## [BRIEF]
Your answer should be the entries, repeated exactly.

## [INFORMATION SUPPLIED]
lemma sq_mult_pinsker_taper_sq:
  assumes "0 < W" "0 < x"
  shows "x^2 * (pinsker_taper \<beta> W x)^2
    = x^2 - 2 * W powr (1 - \<beta>) * x powr (\<beta> + 1) + W powr (2 - 2 * \<beta>) * x powr (2 * \<beta>)"
proof -
  have "(x / W) powr (\<beta> - 1) = W powr (1 - \<beta>) * x powr (\<beta> - 1)"
    using assms by (simp add: powr_divide powr_minus_divide[of W "\<beta> - 1", simplified])
  then have "x^2 * (pinsker_taper \<beta> W x)^2 = x^2 - 2 * W powr (1 - \<beta>) * (x^2 * x powr (\<beta> - 1))
      + (W powr (1 - \<beta>))^2 * (x^2 * (x powr (\<beta> - 1))^2)"
    by (simp add: pinsker_taper_def power2_eq_square algebra_simps)
  moreover have "x^2 = x powr 2" using assms by simp
  then have "x^2 * x powr (\<beta> - 1) = x powr (\<beta> + 1)"
    by (simp only:) (rule powr_add_eq, simp)
  moreover have "(x powr (\<beta> - 1))^2 = x powr (2 * \<beta> - 2)"
    unfolding power2_eq_square by (rule powr_add_eq) simp
  with \<open>x^2 = x powr 2\<close> have "x^2 * (x powr (\<beta> - 1))^2 = x powr (2 * \<beta>)"
    by (simp only:) (rule powr_add_eq, simp)
  moreover have "(W powr (1 - \<beta>))^2 = W powr (2 - 2 * \<beta>)"
    unfolding power2_eq_square by (rule powr_add_eq) simp
  ultimately show ?thesis by simp
qed

lemma taper_primitive_has_derivative:
  assumes "1 < \<beta>" "0 < W" "0 < x"
  shows "(taper_primitive \<beta> W has_real_derivative
    x^2 * (pinsker_taper \<beta> W x)^2 + 2 * x + 1) (at x)"
proof -
  have "((\<lambda>z. z powr (\<beta> + 2)) has_real_derivative (\<beta> + 2) * x powr (\<beta> + 1)) (at x)"
    using has_real_derivative_powr[OF assms(3), of "\<beta> + 2"] by (simp add: add_ac)
  moreover have "((\<lambda>z. z powr (2 * \<beta> + 1)) has_real_derivative (2 * \<beta> + 1) * x powr (2 * \<beta>)) (at x)"
    using has_real_derivative_powr[OF assms(3), of "2 * \<beta> + 1"] by simp
  ultimately show ?thesis
    unfolding taper_primitive_def sq_mult_pinsker_taper_sq[OF assms(2,3)] using assms
    by (auto intro!: derivative_eq_intros simp: power2_eq_square add_ac)
qed

lemma taper_primitive_continuous:
  assumes "1 < \<beta>"
  shows "continuous_on {0..} (taper_primitive \<beta> W)"
proof -
  have powr: "continuous_on {0..} (\<lambda>x::real. x powr c)" if "0 < c" for c
    using that by (intro continuous_on_powr'[where f = "\<lambda>x. x"]) (auto intro: continuous_intros)
  show ?thesis
    unfolding taper_primitive_def using assms
    by (intro continuous_on_add continuous_on_diff continuous_on_mult continuous_on_divide
        continuous_on_const continuous_on_power continuous_on_id powr) auto
qed

lemma taper_primitive_mono:
  assumes "1 < \<beta>" "0 < W" "0 \<le> a" "a \<le> b"
  shows "taper_primitive \<beta> W a \<le> taper_primitive \<beta> W b"
proof (rule DERIV_nonneg_imp_increasing_open[OF assms(4)])
  show "continuous_on {a..b} (taper_primitive \<beta> W)"
    using assms by (intro continuous_on_subset[OF taper_primitive_continuous]) auto
  fix x assume "a < x" "x < b"
  then have "0 < x" using assms by linarith
  from taper_primitive_has_derivative[OF assms(1,2) this]
  show "\<exists>y. (taper_primitive \<beta> W has_real_derivative y) (at x) \<and> 0 \<le> y"
    using \<open>0 < x\<close> by (intro exI[of _ "x^2 * (pinsker_taper \<beta> W x)^2 + 2 * x + 1"]) simp
qed

lemma taper_primitive_at_W:
  assumes "1 < \<beta>" "0 < W"
  shows "taper_primitive \<beta> W W = 2 * (\<beta> - 1)^2 / (3 * (\<beta> + 2) * (2 * \<beta> + 1)) * W^3 + W^2 + W"
proof -
  have "W powr (1 - \<beta>) * W powr (\<beta> + 2) = W^3" "W powr (2 - 2 * \<beta>) * W powr (2 * \<beta> + 1) = W^3"
    using assms by (simp_all add: powr_add_eq flip: powr_numeral)
  then show ?thesis
    using assms by (simp add: taper_primitive_def field_simps power2_eq_square)
qed

lemma sum_sq_taper_sq_le:
  assumes "1 < \<beta>" "0 < W" "real n \<le> W"
  shows "(\<Sum>k<n. (real (Suc k))^2 * (pinsker_taper \<beta> W (real (Suc k)))^2)
    \<le> 2 * (\<beta> - 1)^2 / (3 * (\<beta> + 2) * (2 * \<beta> + 1)) * W^3 + W^2 + W"
proof -
  have "(\<Sum>k<n. (real (Suc k))^2 * (pinsker_taper \<beta> W (real (Suc k)))^2)
      \<le> taper_primitive \<beta> W (real n) - taper_primitive \<beta> W 0"
  proof (rule sum_le_antiderivative_diff)
    show "continuous_on {0..real n} (taper_primitive \<beta> W)"
      using assms by (intro continuous_on_subset[OF taper_primitive_continuous]) auto
    show "(taper_primitive \<beta> W has_real_derivative
        x^2 * (pinsker_taper \<beta> W x)^2 + 2 * x + 1) (at x)" if "0 < x" for x
      using taper_primitive_has_derivative[OF assms(1,2) that] .
    fix k x assume k: "k < n" and x: "real k < x" "x < real (Suc k)"
    define h where "h = pinsker_taper \<beta> W (real (Suc k))"
    have "real (Suc k) \<le> W" using k assms by linarith
    then have h: "0 \<le> h" "h \<le> pinsker_taper \<beta> W x" "pinsker_taper \<beta> W x \<le> 1"
      using x assms pinsker_taper_nonneg pinsker_taper_antimono pinsker_taper_le_one
      by (auto simp: h_def)
    have "(real (Suc k))^2 * h^2 \<le> (x + 1)^2 * (pinsker_taper \<beta> W x)^2"
      using x h by (intro mult_mono power_mono) auto
    also have "\<dots> \<le> x^2 * (pinsker_taper \<beta> W x)^2 + 2 * x + 1"
    proof -
      have "(2 * x + 1) * (pinsker_taper \<beta> W x)^2 \<le> 2 * x + 1"
        using h x by (intro mult_left_le) (auto intro: power_le_one)
      then show ?thesis by (simp add: power2_eq_square algebra_simps)
    qed
    finally show "(real (Suc k))^2 * h^2 \<le> x^2 * (pinsker_taper \<beta> W x)^2 + 2 * x + 1" .
  qed
  also have "\<dots> \<le> taper_primitive \<beta> W W"
    using assms by (simp add: taper_primitive_def[of _ _ 0] taper_primitive_mono)
  finally show ?thesis using taper_primitive_at_W[OF assms(1,2)] by simp
qed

## [WORKED SOLUTION]
lemma sq_mult_pinsker_taper_sq:
  assumes "0 < W" "0 < x"
  shows "x^2 * (pinsker_taper \<beta> W x)^2
    = x^2 - 2 * W powr (1 - \<beta>) * x powr (\<beta> + 1) + W powr (2 - 2 * \<beta>) * x powr (2 * \<beta>)"
proof -
  have "(x / W) powr (\<beta> - 1) = W powr (1 - \<beta>) * x powr (\<beta> - 1)"
    using assms by (simp add: powr_divide powr_minus_divide[of W "\<beta> - 1", simplified])
  then have "x^2 * (pinsker_taper \<beta> W x)^2 = x^2 - 2 * W powr (1 - \<beta>) * (x^2 * x powr (\<beta> - 1))
      + (W powr (1 - \<beta>))^2 * (x^2 * (x powr (\<beta> - 1))^2)"
    by (simp add: pinsker_taper_def power2_eq_square algebra_simps)
  moreover have "x^2 = x powr 2" using assms by simp
  then have "x^2 * x powr (\<beta> - 1) = x powr (\<beta> + 1)"
    by (simp only:) (rule powr_add_eq, simp)
  moreover have "(x powr (\<beta> - 1))^2 = x powr (2 * \<beta> - 2)"
    unfolding power2_eq_square by (rule powr_add_eq) simp
  with \<open>x^2 = x powr 2\<close> have "x^2 * (x powr (\<beta> - 1))^2 = x powr (2 * \<beta>)"
    by (simp only:) (rule powr_add_eq, simp)
  moreover have "(W powr (1 - \<beta>))^2 = W powr (2 - 2 * \<beta>)"
    unfolding power2_eq_square by (rule powr_add_eq) simp
  ultimately show ?thesis by simp
qed

lemma taper_primitive_has_derivative:
  assumes "1 < \<beta>" "0 < W" "0 < x"
  shows "(taper_primitive \<beta> W has_real_derivative
    x^2 * (pinsker_taper \<beta> W x)^2 + 2 * x + 1) (at x)"
proof -
  have "((\<lambda>z. z powr (\<beta> + 2)) has_real_derivative (\<beta> + 2) * x powr (\<beta> + 1)) (at x)"
    using has_real_derivative_powr[OF assms(3), of "\<beta> + 2"] by (simp add: add_ac)
  moreover have "((\<lambda>z. z powr (2 * \<beta> + 1)) has_real_derivative (2 * \<beta> + 1) * x powr (2 * \<beta>)) (at x)"
    using has_real_derivative_powr[OF assms(3), of "2 * \<beta> + 1"] by simp
  ultimately show ?thesis
    unfolding taper_primitive_def sq_mult_pinsker_taper_sq[OF assms(2,3)] using assms
    by (auto intro!: derivative_eq_intros simp: power2_eq_square add_ac)
qed

lemma taper_primitive_continuous:
  assumes "1 < \<beta>"
  shows "continuous_on {0..} (taper_primitive \<beta> W)"
proof -
  have powr: "continuous_on {0..} (\<lambda>x::real. x powr c)" if "0 < c" for c
    using that by (intro continuous_on_powr'[where f = "\<lambda>x. x"]) (auto intro: continuous_intros)
  show ?thesis
    unfolding taper_primitive_def using assms
    by (intro continuous_on_add continuous_on_diff continuous_on_mult continuous_on_divide
        continuous_on_const continuous_on_power continuous_on_id powr) auto
qed

lemma taper_primitive_mono:
  assumes "1 < \<beta>" "0 < W" "0 \<le> a" "a \<le> b"
  shows "taper_primitive \<beta> W a \<le> taper_primitive \<beta> W b"
proof (rule DERIV_nonneg_imp_increasing_open[OF assms(4)])
  show "continuous_on {a..b} (taper_primitive \<beta> W)"
    using assms by (intro continuous_on_subset[OF taper_primitive_continuous]) auto
  fix x assume "a < x" "x < b"
  then have "0 < x" using assms by linarith
  from taper_primitive_has_derivative[OF assms(1,2) this]
  show "\<exists>y. (taper_primitive \<beta> W has_real_derivative y) (at x) \<and> 0 \<le> y"
    using \<open>0 < x\<close> by (intro exI[of _ "x^2 * (pinsker_taper \<beta> W x)^2 + 2 * x + 1"]) simp
qed

lemma taper_primitive_at_W:
  assumes "1 < \<beta>" "0 < W"
  shows "taper_primitive \<beta> W W = 2 * (\<beta> - 1)^2 / (3 * (\<beta> + 2) * (2 * \<beta> + 1)) * W^3 + W^2 + W"
proof -
  have "W powr (1 - \<beta>) * W powr (\<beta> + 2) = W^3" "W powr (2 - 2 * \<beta>) * W powr (2 * \<beta> + 1) = W^3"
    using assms by (simp_all add: powr_add_eq flip: powr_numeral)
  then show ?thesis
    using assms by (simp add: taper_primitive_def field_simps power2_eq_square)
qed

lemma sum_sq_taper_sq_le:
  assumes "1 < \<beta>" "0 < W" "real n \<le> W"
  shows "(\<Sum>k<n. (real (Suc k))^2 * (pinsker_taper \<beta> W (real (Suc k)))^2)
    \<le> 2 * (\<beta> - 1)^2 / (3 * (\<beta> + 2) * (2 * \<beta> + 1)) * W^3 + W^2 + W"
proof -
  have "(\<Sum>k<n. (real (Suc k))^2 * (pinsker_taper \<beta> W (real (Suc k)))^2)
      \<le> taper_primitive \<beta> W (real n) - taper_primitive \<beta> W 0"
  proof (rule sum_le_antiderivative_diff)
    show "continuous_on {0..real n} (taper_primitive \<beta> W)"
      using assms by (intro continuous_on_subset[OF taper_primitive_continuous]) auto
    show "(taper_primitive \<beta> W has_real_derivative
        x^2 * (pinsker_taper \<beta> W x)^2 + 2 * x + 1) (at x)" if "0 < x" for x
      using taper_primitive_has_derivative[OF assms(1,2) that] .
    fix k x assume k: "k < n" and x: "real k < x" "x < real (Suc k)"
    define h where "h = pinsker_taper \<beta> W (real (Suc k))"
    have "real (Suc k) \<le> W" using k assms by linarith
    then have h: "0 \<le> h" "h \<le> pinsker_taper \<beta> W x" "pinsker_taper \<beta> W x \<le> 1"
      using x assms pinsker_taper_nonneg pinsker_taper_antimono pinsker_taper_le_one
      by (auto simp: h_def)
    have "(real (Suc k))^2 * h^2 \<le> (x + 1)^2 * (pinsker_taper \<beta> W x)^2"
      using x h by (intro mult_mono power_mono) auto
    also have "\<dots> \<le> x^2 * (pinsker_taper \<beta> W x)^2 + 2 * x + 1"
    proof -
      have "(2 * x + 1) * (pinsker_taper \<beta> W x)^2 \<le> 2 * x + 1"
        using h x by (intro mult_left_le) (auto intro: power_le_one)
      then show ?thesis by (simp add: power2_eq_square algebra_simps)
    qed
    finally show "(real (Suc k))^2 * h^2 \<le> x^2 * (pinsker_taper \<beta> W x)^2 + 2 * x + 1" .
  qed
  also have "\<dots> \<le> taper_primitive \<beta> W W"
    using assms by (simp add: taper_primitive_def[of _ _ 0] taper_primitive_mono)
  finally show ?thesis using taper_primitive_at_W[OF assms(1,2)] by simp
qed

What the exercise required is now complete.